Section Four - Apophenia
A story about a rabbit in the clouds, Jesus on Toast and a Flying Spaghetti Monster (7 minutes)
Apophenia
Have you ever seen a rabbit in the clouds?
Yes? Did it make you wonder if there was a higher being somewhere that tried to communicate with you by showing you a rabbit? Or did you think it was a coincidence?
The woman in the video below (1 minute) saw Jesus in cheese toast.
She thought it was not a coincidence, but it probably was. In the United States people see the image of Jesus everywhere. In a puddle of oil or in toasted bread. At least 200 times a year. Unfortunately, since 2011 you can also buy toasters that print Jesus in your bread, which of course kills the magic.
Also, people never see the image of Jesus on toast in the Middle East.
A rabbit in the clouds. Jesus on toast. These are examples of apophenia: the tendency to mistakenly perceive meaningful connections between unrelated things. Apophenia is also used in the Holtzman Inkblot Test where people have to recognize things in inkblots
Apophenia in Big Data
Apophenia is a phenomenon you also see in Big Data.
In fact, if you have enough data, you will always find convincing correlations everywhere. But these relations are often a coincidence. There is no real relation There is certainly no causality. Just for the non-statisticians among us (like me): correlation is when two variables show coherence in an orderly manner. Causality is a cause-and-effect relationship. If you have 'intelligent' software that looks for correlations (data mining software) then you will find more and more patterns (correlations).

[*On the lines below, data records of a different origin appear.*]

(* Consider $n>1$ agents over a time-varying directed graph $\mathbb N(t)=(\mathcal N,\mathcal E(t))$ running the push-sum update $v_i(1)=1$, $v_i(t+1)=l_i(t)v_i(t)+\sum_{j\in\mathcal N_i^{\mathrm{in}}(t)}l_j(t)v_j(t)$, where $l_i(t)=1/(1+o_i(t))$, $o_i(t)$ is the out-degree of $i$ and $\mathcal N_i^{\mathrm{in}}(t)$ its set of in-neighbors at time $t$. Let $\mathcal N_i^+(t)=\mathcal N_i^{\mathrm{in}}(t)\cup\{i\}$ and define the matrix $S(t)$ by $s_{ij}(t)=\frac{l_j(t)v_j(t)}{\sum_{k\in\mathcal N_i^+(t)}l_k(t)v_k(t)}$ for $j\in\mathcal N_i^+(t)$ and $s_{ij}(t)=0$ otherwise. Assume that for every $t$ there is a symmetric stochastic matrix with positive diagonal whose off-diagonal entries vanish outside $\mathcal E(t)$, and that $\{\mathbb N(t)\}$ is repeatedly jointly strongly connected. Then the system $h(t+1)=S(t)h(t)$ is uniformly exponentially consensus stable: there exist a finite constant $\gamma>0$ and $0\le\lambda<1$ such that for any $t_0$ and any $h(t_0)$, $|h(t)|_\infty\le\gamma\lambda^{t-t_0}|h(t_0)|_\infty$ for all $t\ge t_0$.
   Context: For $x\in\mathbb R^n$, $|x|_\infty=\frac12(\max_i x_i-\min_j x_j)$. Repeatedly jointly strongly connected: there is an integer $r\ge1$ such that for each $k\ge0$ the union of $\mathbb N(rk+1),\dots,\mathbb N(r(k+1))$ (edge sets united) is strongly connected. *)

theory Defs
  imports Main "HOL-Analysis.Analysis"
begin

text \<open>A time-varying graph is
  E :: nat => ('n * 'n) set; an edge (j, i) in E t means j -> i, i.e. j is an
  in-neighbor of i at time t. Self-loops are ignored. Time starts at 1.\<close>

definition in_nbrs :: "(nat \<Rightarrow> ('n \<times> 'n) set) \<Rightarrow> nat \<Rightarrow> 'n \<Rightarrow> 'n set" where
  "in_nbrs E t i = {j. j \<noteq> i \<and> (j, i) \<in> E t}"

definition out_deg :: "(nat \<Rightarrow> ('n \<times> 'n) set) \<Rightarrow> nat \<Rightarrow> 'n \<Rightarrow> nat" where
  "out_deg E t i = card {j. j \<noteq> i \<and> (i, j) \<in> E t}"

definition lw :: "(nat \<Rightarrow> ('n \<times> 'n) set) \<Rightarrow> nat \<Rightarrow> 'n \<Rightarrow> real" where
  "lw E t i = 1 / (1 + real (out_deg E t i))"

definition in_nbrs_plus :: "(nat \<Rightarrow> ('n \<times> 'n) set) \<Rightarrow> nat \<Rightarrow> 'n \<Rightarrow> 'n set" where
  "in_nbrs_plus E t i = insert i (in_nbrs E t i)"

text \<open>Push-sum weights: v(1) = 1, v(t+1) = l_i(t) v_i(t) + sum over in-neighbors
  of l_j(t) v_j(t), for t >= 1. The value at time 0 is an unused dummy.\<close>
fun pushsum_v :: "(nat \<Rightarrow> ('n \<times> 'n) set) \<Rightarrow> nat \<Rightarrow> 'n \<Rightarrow> real" where
  "pushsum_v E 0 = (\<lambda>i. 1)"
| "pushsum_v E (Suc t) =
     (if t = 0 then (\<lambda>i. 1)
      else (\<lambda>i. lw E t i * pushsum_v E t i
                + (\<Sum>j\<in>in_nbrs E t i. lw E t j * pushsum_v E t j)))"

definition S_mat :: "(nat \<Rightarrow> ('n \<times> 'n) set) \<Rightarrow> nat \<Rightarrow> 'n \<Rightarrow> 'n \<Rightarrow> real" where
  "S_mat E t i j =
     (if j \<in> in_nbrs_plus E t i
      then lw E t j * pushsum_v E t j / (\<Sum>k\<in>in_nbrs_plus E t i. lw E t k * pushsum_v E t k)
      else 0)"

definition seminorm_inf :: "('n::finite \<Rightarrow> real) \<Rightarrow> real" where
  "seminorm_inf x = (Max (range x) - Min (range x)) / 2"

definition rjsc :: "(nat \<Rightarrow> ('n \<times> 'n) set) \<Rightarrow> bool" where
  "rjsc E \<longleftrightarrow> (\<exists>r::nat. r \<ge> 1 \<and>
     (\<forall>k. \<forall>i j. (i, j) \<in> (\<Union>t\<in>{r*k+1..r*(k+1)}. E t)\<^sup>*))"

definition sym_stoch_compatible :: "('n::finite \<Rightarrow> 'n \<Rightarrow> real) \<Rightarrow> ('n \<times> 'n) set \<Rightarrow> bool" where
  "sym_stoch_compatible A Et \<longleftrightarrow>
     (\<forall>i j. A i j = A j i) \<and> (\<forall>i j. A i j \<ge> 0) \<and> (\<forall>i. (\<Sum>j\<in>UNIV. A i j) = 1)
     \<and> (\<forall>i. A i i > 0) \<and> (\<forall>i j. i \<noteq> j \<and> (j, i) \<notin> Et \<longrightarrow> A i j = 0)"

end

theory Submission
  imports Defs
begin

text \<open>The push-sum weights keep total mass n, and every agent passes at least the fraction
  1/(n+1) of its own weight and of the weights of its in-neighbours on to the next step. By
  joint strong connectivity, an agent of weight at least 1 therefore lifts every agent to weight
  at least \<open>\<delta> = (n+1)\<^sup>-\<^sup>N\<close> within \<open>N = r(n+1)\<close> steps, so \<open>v(t) \<ge> \<delta>\<close> for all \<open>t \<ge> 1\<close>. Hence
  S(t) is row stochastic with entries at least \<open>\<eta> = \<delta>/(n(n+1))\<close> on the diagonal and on the
  edges of E(t). Along such a system the maximum of h never increases, and the agent attaining
  the minimum drags every agent at least \<open>\<eta>\<^sup>N (max - min)\<close> below the old maximum within N
  steps; symmetrically for the minimum. So \<open>|h|\<^sub>\<infinity>\<close> contracts by the factor \<open>1 - 2\<eta>\<^sup>N\<close> over
  every N steps, which gives the exponential bound.\<close>

definition windows_strongly_connected :: "(nat \<Rightarrow> ('n \<times> 'n) set) \<Rightarrow> nat \<Rightarrow> bool" where
  "windows_strongly_connected E r \<longleftrightarrow>
     (\<forall>k i j. (i, j) \<in> (\<Union>t\<in>{r*k+1..r*(k+1)}. E t)\<^sup>*)"

lemma rjsc_iff_windows_strongly_connected:
  "rjsc E \<longleftrightarrow> (\<exists>r\<ge>1. windows_strongly_connected E r)"
  unfolding rjsc_def windows_strongly_connected_def by blast

lemma rtrancl_leaves_set:
  assumes "(a, b) \<in> F\<^sup>*" "a \<in> X" "b \<notin> X"
  shows "\<exists>j i. (j, i) \<in> F \<and> j \<in> X \<and> i \<notin> X"
  using assms by (induction rule: rtrancl_induct) auto

definition propagates :: "(nat \<Rightarrow> ('n \<times> 'n) set) \<Rightarrow> nat \<Rightarrow> (nat \<Rightarrow> 'n \<Rightarrow> bool) \<Rightarrow> bool" where
  "propagates E s P \<longleftrightarrow>
     (\<forall>u i j. s \<le> u \<longrightarrow> (j = i \<or> (j, i) \<in> E u) \<longrightarrow> P u j \<longrightarrow> P (Suc u) i)"

lemma propagatesD:
  "propagates E s P \<Longrightarrow> s \<le> u \<Longrightarrow> j = i \<or> (j, i) \<in> E u \<Longrightarrow> P u j \<Longrightarrow> P (Suc u) i"
  unfolding propagates_def by blast

lemma propagates_persists:
  assumes closed: "propagates E s P"
    and "s \<le> u" "u \<le> w" "P u i"
  shows "P w i"
  using \<open>u \<le> w\<close> \<open>P u i\<close>
proof (induction w rule: dec_induct)
  case (step w)
  then show ?case using propagatesD[OF closed, of w i i] \<open>s \<le> u\<close> by simp
qed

But, which correlations are meaningful? Which are just a rabbit in the clouds?
Tyler Vigen’s Spurious Correlations website features all sorts of great examples. My favourite (and I’m not alone in that) is the correlation between cheese consumption per capita and the number of people dying from getting caught in the bed sheets.
(Image from Tylervigen.com)
So now you have to think. Maybe if people eat too much cheese, there sleep is becoming restless, they move and turn, they get caught in the bed sheets and then they die. Or maybe it is just Jesus on toast!
Another highlight of Tyler Vigen is the compelling correlation between the number of people drowning in a pool and the number of films Nicholas Cage stars in. So, does this mean that, if Nicholas Cage takes a year off, you no longer have to watch your children at the pool? Probably not.
Certainly, because correlation in data does not mean that it is not a coincidence, you need more than (big) data to determine what is going on. You also need common sense and an understanding of the phenomenon you’re looking at. The more data there is, the more important it becomes.
Now watch this 3 minute video with some examples of the master of spurious correlations Tyler Vigen:
Church of the flying spaghetti monster
The Church of the Flying Spaghetti Monster (FSM) first surfaced in 2005 in a letter by Bobby Henderson. FSM is a social movement that promotes a light-hearted view of religion. In his letter Henderson also stated that Pirates are divine beings. They are the original Pastafarians. The inclusion of pirates in Pastafarianism (FSM) was part of Henderson's original letter to the Kansas State Board of Education, in an effort to illustrate that correlation does not imply causation.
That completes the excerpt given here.